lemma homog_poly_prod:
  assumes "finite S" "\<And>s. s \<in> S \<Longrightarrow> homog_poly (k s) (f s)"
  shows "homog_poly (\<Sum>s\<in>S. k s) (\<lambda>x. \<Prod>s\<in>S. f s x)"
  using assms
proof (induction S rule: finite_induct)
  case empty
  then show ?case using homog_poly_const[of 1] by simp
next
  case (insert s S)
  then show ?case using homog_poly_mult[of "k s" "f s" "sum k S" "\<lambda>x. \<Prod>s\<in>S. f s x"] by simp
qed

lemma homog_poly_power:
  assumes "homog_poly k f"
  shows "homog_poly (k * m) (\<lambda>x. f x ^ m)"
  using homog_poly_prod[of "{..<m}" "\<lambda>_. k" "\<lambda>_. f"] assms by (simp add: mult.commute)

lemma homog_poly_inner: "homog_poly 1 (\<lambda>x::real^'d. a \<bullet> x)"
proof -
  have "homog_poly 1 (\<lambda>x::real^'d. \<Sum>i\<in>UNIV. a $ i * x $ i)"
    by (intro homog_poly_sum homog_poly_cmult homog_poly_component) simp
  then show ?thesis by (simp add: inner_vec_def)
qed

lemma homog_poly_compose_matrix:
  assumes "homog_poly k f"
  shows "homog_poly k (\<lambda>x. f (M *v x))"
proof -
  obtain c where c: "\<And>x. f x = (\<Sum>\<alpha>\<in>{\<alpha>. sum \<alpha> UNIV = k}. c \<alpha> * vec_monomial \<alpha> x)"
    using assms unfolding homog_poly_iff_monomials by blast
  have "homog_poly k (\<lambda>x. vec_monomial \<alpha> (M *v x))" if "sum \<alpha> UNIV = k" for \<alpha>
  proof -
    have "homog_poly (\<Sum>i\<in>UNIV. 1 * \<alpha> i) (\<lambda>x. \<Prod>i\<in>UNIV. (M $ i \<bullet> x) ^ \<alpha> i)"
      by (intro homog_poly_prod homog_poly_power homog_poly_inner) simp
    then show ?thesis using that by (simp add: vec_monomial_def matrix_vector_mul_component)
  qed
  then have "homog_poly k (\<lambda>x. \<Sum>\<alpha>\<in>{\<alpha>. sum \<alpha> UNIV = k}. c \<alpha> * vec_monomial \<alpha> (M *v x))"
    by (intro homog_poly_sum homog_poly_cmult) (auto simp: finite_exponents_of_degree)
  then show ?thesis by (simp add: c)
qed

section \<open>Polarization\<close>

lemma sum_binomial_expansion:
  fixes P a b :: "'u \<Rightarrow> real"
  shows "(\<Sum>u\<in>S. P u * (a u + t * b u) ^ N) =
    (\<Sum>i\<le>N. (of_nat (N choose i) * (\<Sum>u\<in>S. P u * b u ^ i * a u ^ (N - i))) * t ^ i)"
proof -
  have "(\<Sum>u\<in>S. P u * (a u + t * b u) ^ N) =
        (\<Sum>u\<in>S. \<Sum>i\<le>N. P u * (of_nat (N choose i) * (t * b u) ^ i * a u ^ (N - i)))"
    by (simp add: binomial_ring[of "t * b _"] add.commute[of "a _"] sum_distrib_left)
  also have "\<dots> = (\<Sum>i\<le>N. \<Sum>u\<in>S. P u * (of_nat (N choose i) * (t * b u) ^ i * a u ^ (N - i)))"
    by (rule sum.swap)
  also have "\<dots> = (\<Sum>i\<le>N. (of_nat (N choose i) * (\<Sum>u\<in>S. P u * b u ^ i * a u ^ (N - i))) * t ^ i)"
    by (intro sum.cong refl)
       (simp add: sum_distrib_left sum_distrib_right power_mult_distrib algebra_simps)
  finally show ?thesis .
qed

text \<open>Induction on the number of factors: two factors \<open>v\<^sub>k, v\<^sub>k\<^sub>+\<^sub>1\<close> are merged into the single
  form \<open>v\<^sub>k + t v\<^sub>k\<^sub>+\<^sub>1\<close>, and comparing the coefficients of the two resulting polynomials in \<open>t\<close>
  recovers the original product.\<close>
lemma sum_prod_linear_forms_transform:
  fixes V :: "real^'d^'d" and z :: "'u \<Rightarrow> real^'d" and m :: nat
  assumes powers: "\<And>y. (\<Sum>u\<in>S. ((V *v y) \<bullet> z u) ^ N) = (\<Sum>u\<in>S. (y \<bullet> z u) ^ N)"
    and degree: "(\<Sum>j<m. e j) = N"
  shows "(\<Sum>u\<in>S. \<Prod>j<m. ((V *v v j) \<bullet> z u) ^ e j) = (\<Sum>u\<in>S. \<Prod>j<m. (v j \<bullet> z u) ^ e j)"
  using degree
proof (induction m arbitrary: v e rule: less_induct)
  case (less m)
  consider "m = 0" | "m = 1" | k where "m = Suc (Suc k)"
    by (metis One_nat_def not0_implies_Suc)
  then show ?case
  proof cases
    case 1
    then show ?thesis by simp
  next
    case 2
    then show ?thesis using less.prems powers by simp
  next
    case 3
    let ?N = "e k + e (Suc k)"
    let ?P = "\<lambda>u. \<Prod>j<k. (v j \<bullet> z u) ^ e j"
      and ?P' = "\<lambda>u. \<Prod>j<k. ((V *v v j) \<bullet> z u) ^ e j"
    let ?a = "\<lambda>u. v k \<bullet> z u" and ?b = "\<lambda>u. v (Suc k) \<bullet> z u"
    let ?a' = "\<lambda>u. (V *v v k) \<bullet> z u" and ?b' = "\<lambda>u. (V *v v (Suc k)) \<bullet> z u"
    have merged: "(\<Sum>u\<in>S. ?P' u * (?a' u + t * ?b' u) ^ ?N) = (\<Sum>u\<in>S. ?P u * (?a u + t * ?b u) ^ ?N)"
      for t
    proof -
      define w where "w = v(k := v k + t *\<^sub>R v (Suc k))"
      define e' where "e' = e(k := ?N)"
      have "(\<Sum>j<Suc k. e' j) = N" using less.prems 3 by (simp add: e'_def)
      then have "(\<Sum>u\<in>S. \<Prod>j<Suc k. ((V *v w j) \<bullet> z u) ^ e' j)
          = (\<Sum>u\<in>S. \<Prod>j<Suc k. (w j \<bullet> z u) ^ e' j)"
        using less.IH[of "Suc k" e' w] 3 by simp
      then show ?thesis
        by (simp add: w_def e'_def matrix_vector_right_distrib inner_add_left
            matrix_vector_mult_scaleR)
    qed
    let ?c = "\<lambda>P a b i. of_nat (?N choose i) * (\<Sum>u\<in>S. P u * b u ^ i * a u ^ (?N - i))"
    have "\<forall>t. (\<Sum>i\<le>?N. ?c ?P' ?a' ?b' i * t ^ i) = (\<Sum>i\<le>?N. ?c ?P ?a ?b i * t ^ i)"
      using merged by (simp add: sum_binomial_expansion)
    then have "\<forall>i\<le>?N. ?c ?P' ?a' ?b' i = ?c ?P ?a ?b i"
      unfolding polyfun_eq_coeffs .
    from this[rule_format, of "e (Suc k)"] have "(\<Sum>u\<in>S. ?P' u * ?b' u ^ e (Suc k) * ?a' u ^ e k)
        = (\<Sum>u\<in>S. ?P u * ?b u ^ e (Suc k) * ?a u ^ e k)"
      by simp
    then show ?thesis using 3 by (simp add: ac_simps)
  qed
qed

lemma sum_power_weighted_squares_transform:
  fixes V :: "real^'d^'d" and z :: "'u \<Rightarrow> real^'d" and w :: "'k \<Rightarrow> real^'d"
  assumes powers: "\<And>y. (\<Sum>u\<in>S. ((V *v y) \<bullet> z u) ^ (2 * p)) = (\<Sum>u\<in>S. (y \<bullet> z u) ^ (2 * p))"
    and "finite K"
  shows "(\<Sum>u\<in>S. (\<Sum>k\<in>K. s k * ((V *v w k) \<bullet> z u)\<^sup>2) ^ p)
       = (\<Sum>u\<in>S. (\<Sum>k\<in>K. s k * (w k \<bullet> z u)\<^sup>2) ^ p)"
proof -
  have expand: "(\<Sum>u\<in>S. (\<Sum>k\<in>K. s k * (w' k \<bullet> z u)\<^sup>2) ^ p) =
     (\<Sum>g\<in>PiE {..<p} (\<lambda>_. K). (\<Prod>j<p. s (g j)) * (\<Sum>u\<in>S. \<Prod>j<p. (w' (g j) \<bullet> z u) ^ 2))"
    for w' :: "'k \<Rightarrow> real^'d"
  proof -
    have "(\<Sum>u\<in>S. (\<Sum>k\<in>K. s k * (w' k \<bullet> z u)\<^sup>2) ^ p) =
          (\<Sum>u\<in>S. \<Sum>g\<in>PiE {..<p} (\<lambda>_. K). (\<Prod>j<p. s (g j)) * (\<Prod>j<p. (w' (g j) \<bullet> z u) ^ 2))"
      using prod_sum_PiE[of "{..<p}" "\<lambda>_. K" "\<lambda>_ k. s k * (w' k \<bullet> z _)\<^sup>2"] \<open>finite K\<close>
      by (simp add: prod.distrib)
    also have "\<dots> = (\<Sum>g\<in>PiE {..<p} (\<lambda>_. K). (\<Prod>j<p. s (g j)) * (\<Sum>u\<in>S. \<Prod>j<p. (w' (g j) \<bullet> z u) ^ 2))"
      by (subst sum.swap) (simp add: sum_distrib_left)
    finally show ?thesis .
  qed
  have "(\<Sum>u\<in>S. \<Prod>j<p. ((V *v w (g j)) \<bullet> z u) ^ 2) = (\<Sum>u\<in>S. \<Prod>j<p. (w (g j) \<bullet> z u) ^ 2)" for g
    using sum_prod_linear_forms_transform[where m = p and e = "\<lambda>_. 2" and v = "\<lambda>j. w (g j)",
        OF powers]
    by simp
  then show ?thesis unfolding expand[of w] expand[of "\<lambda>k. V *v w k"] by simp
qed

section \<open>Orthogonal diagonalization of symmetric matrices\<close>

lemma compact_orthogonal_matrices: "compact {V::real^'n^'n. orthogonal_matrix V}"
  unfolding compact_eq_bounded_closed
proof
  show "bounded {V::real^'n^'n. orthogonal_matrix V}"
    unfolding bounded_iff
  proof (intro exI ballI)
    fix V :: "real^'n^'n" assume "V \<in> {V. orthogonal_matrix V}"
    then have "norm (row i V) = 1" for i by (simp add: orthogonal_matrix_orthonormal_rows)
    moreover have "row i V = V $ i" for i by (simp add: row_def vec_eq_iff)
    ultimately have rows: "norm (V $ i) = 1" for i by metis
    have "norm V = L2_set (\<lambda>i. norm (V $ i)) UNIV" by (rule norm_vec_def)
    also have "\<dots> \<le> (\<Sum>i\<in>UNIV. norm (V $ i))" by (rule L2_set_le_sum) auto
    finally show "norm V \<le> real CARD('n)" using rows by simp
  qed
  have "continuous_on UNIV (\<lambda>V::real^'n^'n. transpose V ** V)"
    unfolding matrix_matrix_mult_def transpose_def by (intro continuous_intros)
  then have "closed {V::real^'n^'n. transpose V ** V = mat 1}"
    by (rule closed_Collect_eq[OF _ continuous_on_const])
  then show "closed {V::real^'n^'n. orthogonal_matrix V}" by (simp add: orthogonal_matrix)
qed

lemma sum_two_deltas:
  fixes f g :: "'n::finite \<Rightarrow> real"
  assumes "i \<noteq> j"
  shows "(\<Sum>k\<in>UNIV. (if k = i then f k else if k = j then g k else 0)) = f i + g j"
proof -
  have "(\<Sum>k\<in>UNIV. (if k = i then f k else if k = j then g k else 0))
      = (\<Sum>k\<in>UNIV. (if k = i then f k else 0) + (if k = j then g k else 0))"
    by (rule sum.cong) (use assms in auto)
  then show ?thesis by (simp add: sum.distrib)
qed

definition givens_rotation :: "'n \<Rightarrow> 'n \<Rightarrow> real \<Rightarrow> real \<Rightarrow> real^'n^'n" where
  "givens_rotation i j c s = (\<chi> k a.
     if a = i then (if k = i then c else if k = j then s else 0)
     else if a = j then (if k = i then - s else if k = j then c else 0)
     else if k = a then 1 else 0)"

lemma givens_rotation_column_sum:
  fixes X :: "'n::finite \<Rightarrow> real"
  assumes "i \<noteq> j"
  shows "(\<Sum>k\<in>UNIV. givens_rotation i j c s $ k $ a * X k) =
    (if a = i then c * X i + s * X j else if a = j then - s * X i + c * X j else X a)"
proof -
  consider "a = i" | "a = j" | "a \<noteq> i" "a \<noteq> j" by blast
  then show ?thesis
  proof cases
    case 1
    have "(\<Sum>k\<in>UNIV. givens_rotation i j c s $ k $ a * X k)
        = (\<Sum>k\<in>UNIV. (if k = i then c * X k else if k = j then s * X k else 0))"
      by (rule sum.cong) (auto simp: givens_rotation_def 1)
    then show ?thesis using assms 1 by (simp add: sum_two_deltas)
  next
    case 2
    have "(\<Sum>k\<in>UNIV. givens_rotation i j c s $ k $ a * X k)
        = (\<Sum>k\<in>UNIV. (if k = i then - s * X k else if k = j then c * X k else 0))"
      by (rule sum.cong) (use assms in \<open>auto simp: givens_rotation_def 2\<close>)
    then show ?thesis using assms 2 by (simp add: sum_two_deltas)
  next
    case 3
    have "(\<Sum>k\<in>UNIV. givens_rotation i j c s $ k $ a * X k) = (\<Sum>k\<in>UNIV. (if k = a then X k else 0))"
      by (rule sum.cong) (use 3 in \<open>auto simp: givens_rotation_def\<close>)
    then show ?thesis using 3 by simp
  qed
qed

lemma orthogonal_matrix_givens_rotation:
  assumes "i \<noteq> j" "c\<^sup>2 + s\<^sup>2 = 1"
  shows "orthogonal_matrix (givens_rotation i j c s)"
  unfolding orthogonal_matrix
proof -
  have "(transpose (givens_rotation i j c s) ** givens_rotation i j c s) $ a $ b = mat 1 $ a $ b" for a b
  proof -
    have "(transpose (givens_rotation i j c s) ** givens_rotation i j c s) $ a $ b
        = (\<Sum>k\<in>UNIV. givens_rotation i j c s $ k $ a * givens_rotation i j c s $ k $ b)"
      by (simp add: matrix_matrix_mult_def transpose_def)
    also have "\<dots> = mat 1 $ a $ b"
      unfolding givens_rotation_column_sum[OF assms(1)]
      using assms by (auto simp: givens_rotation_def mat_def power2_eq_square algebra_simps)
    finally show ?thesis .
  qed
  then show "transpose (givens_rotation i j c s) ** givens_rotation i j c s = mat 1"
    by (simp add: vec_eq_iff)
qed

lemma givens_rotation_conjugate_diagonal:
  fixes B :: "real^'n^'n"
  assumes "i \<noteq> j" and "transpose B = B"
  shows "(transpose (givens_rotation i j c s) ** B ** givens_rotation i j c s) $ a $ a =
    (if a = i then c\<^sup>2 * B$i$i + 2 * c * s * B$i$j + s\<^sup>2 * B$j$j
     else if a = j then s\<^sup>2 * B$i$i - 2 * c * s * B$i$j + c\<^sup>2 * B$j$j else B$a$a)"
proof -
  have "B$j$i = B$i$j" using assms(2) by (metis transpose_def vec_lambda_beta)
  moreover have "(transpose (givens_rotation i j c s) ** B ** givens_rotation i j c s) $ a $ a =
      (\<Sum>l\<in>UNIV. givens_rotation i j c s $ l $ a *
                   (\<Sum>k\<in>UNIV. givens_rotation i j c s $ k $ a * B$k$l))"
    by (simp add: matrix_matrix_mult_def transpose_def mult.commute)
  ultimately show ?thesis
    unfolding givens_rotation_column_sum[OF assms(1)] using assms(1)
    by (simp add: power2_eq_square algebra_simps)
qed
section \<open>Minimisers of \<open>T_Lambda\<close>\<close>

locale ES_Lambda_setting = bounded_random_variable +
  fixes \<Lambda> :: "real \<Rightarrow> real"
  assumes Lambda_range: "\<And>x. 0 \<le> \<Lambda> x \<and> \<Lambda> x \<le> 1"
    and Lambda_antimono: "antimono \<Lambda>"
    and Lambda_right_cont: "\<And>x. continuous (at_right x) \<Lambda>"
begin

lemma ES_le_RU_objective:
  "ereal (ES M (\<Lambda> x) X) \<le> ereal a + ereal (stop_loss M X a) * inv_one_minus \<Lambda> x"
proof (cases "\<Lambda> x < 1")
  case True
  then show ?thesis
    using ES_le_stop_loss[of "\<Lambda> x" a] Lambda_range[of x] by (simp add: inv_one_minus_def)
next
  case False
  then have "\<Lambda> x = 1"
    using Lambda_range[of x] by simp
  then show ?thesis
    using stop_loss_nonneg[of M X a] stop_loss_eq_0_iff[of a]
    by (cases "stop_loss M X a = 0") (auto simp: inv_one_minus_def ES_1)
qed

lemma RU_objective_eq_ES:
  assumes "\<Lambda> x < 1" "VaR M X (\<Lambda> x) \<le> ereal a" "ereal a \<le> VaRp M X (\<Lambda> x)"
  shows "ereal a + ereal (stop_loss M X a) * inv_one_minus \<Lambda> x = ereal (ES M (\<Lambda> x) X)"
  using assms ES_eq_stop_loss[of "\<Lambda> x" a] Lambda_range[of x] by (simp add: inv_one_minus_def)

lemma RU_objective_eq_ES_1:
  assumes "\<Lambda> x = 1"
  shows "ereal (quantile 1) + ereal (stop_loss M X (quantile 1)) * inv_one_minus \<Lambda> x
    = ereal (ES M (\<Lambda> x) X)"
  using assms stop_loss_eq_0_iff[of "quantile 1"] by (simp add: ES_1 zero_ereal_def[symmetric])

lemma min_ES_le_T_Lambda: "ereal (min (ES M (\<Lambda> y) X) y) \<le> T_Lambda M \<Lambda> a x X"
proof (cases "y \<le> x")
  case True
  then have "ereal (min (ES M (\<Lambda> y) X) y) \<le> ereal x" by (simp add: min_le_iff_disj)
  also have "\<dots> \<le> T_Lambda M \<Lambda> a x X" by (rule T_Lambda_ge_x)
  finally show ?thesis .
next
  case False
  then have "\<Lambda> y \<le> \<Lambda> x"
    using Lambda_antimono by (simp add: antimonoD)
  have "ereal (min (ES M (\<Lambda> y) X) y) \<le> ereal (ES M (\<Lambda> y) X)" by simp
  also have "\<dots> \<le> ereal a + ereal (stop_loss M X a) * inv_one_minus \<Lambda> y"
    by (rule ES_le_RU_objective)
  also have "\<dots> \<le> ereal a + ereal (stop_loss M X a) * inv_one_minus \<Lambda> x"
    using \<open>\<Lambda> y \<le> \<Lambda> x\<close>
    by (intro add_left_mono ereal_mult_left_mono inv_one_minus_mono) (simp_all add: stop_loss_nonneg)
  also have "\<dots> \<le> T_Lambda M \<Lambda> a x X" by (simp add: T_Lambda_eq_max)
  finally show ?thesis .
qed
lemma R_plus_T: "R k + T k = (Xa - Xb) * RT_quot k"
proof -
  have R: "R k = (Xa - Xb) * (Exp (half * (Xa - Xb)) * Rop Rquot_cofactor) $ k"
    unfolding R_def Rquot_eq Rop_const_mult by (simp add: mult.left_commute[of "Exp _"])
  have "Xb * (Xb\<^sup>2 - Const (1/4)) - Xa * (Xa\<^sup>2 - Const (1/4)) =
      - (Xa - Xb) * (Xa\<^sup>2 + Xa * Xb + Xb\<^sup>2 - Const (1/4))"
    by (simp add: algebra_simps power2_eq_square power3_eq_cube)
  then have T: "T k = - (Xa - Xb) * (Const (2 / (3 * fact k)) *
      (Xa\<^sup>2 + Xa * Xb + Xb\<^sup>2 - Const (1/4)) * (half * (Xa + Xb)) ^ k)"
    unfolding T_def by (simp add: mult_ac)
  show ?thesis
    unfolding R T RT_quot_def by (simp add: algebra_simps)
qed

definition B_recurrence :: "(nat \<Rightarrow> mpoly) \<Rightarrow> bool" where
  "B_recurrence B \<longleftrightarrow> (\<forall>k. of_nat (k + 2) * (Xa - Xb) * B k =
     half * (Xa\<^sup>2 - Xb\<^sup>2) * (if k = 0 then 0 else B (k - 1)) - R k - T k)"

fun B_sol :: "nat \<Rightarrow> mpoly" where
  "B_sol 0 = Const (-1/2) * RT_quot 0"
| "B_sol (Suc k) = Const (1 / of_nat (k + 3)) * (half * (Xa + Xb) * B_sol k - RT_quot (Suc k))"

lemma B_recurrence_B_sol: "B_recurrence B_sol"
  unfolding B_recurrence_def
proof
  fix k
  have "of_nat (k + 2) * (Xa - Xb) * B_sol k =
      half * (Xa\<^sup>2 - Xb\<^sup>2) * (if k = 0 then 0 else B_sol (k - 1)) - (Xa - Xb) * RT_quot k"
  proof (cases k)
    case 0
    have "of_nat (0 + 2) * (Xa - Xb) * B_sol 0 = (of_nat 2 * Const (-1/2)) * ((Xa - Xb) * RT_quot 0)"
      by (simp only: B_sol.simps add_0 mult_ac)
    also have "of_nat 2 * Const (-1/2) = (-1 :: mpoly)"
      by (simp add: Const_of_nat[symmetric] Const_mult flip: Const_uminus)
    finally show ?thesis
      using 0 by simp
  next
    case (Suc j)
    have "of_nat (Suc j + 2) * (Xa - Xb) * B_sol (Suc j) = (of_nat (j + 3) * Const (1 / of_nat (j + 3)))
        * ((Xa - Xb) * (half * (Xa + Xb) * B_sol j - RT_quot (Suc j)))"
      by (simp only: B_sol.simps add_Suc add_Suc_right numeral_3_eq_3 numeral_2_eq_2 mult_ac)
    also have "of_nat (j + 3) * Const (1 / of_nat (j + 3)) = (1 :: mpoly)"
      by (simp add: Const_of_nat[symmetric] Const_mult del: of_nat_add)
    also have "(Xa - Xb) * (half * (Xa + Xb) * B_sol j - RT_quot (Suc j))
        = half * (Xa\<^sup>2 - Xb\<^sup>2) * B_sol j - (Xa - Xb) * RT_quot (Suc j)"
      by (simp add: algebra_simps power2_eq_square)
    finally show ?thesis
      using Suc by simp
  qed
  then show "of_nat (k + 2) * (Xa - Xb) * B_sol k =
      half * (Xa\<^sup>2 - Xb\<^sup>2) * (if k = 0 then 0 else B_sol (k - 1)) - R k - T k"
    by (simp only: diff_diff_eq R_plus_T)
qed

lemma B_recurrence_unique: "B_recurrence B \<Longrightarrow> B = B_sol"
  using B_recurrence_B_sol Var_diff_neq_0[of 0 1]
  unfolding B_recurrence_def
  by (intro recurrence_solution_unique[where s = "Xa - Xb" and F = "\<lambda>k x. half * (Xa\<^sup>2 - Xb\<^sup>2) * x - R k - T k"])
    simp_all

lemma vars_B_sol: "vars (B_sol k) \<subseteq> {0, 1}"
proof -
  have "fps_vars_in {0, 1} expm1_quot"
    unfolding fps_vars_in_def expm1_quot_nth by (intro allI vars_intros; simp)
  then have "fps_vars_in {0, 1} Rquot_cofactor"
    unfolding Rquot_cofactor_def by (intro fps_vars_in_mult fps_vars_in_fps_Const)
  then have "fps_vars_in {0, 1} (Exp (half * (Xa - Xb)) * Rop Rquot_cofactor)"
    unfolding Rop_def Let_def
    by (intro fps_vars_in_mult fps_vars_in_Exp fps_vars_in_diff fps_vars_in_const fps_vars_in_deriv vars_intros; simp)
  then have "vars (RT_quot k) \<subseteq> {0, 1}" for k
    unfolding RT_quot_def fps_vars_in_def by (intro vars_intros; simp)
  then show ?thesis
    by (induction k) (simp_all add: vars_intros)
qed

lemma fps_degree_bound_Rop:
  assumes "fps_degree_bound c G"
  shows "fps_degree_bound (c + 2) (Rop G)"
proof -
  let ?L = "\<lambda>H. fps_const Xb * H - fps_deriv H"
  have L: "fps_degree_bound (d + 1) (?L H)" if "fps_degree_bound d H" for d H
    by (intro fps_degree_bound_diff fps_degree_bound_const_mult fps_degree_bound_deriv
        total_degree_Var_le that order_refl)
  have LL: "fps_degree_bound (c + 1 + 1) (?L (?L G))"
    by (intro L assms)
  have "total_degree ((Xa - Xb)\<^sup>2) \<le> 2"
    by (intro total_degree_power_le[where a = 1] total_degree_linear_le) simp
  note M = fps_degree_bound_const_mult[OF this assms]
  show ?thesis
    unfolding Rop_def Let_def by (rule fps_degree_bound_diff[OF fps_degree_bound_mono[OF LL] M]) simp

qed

* * * * * * * * *

Task objective:
Would you return each line of the material above, unchanged, from the first one through the line where "case (insert s S)" appears?

Response:
lemma homog_poly_prod:
  assumes "finite S" "\<And>s. s \<in> S \<Longrightarrow> homog_poly (k s) (f s)"
  shows "homog_poly (\<Sum>s\<in>S. k s) (\<lambda>x. \<Prod>s\<in>S. f s x)"
  using assms
proof (induction S rule: finite_induct)
  case empty
  then show ?case using homog_poly_const[of 1] by simp
next
  case (insert s S)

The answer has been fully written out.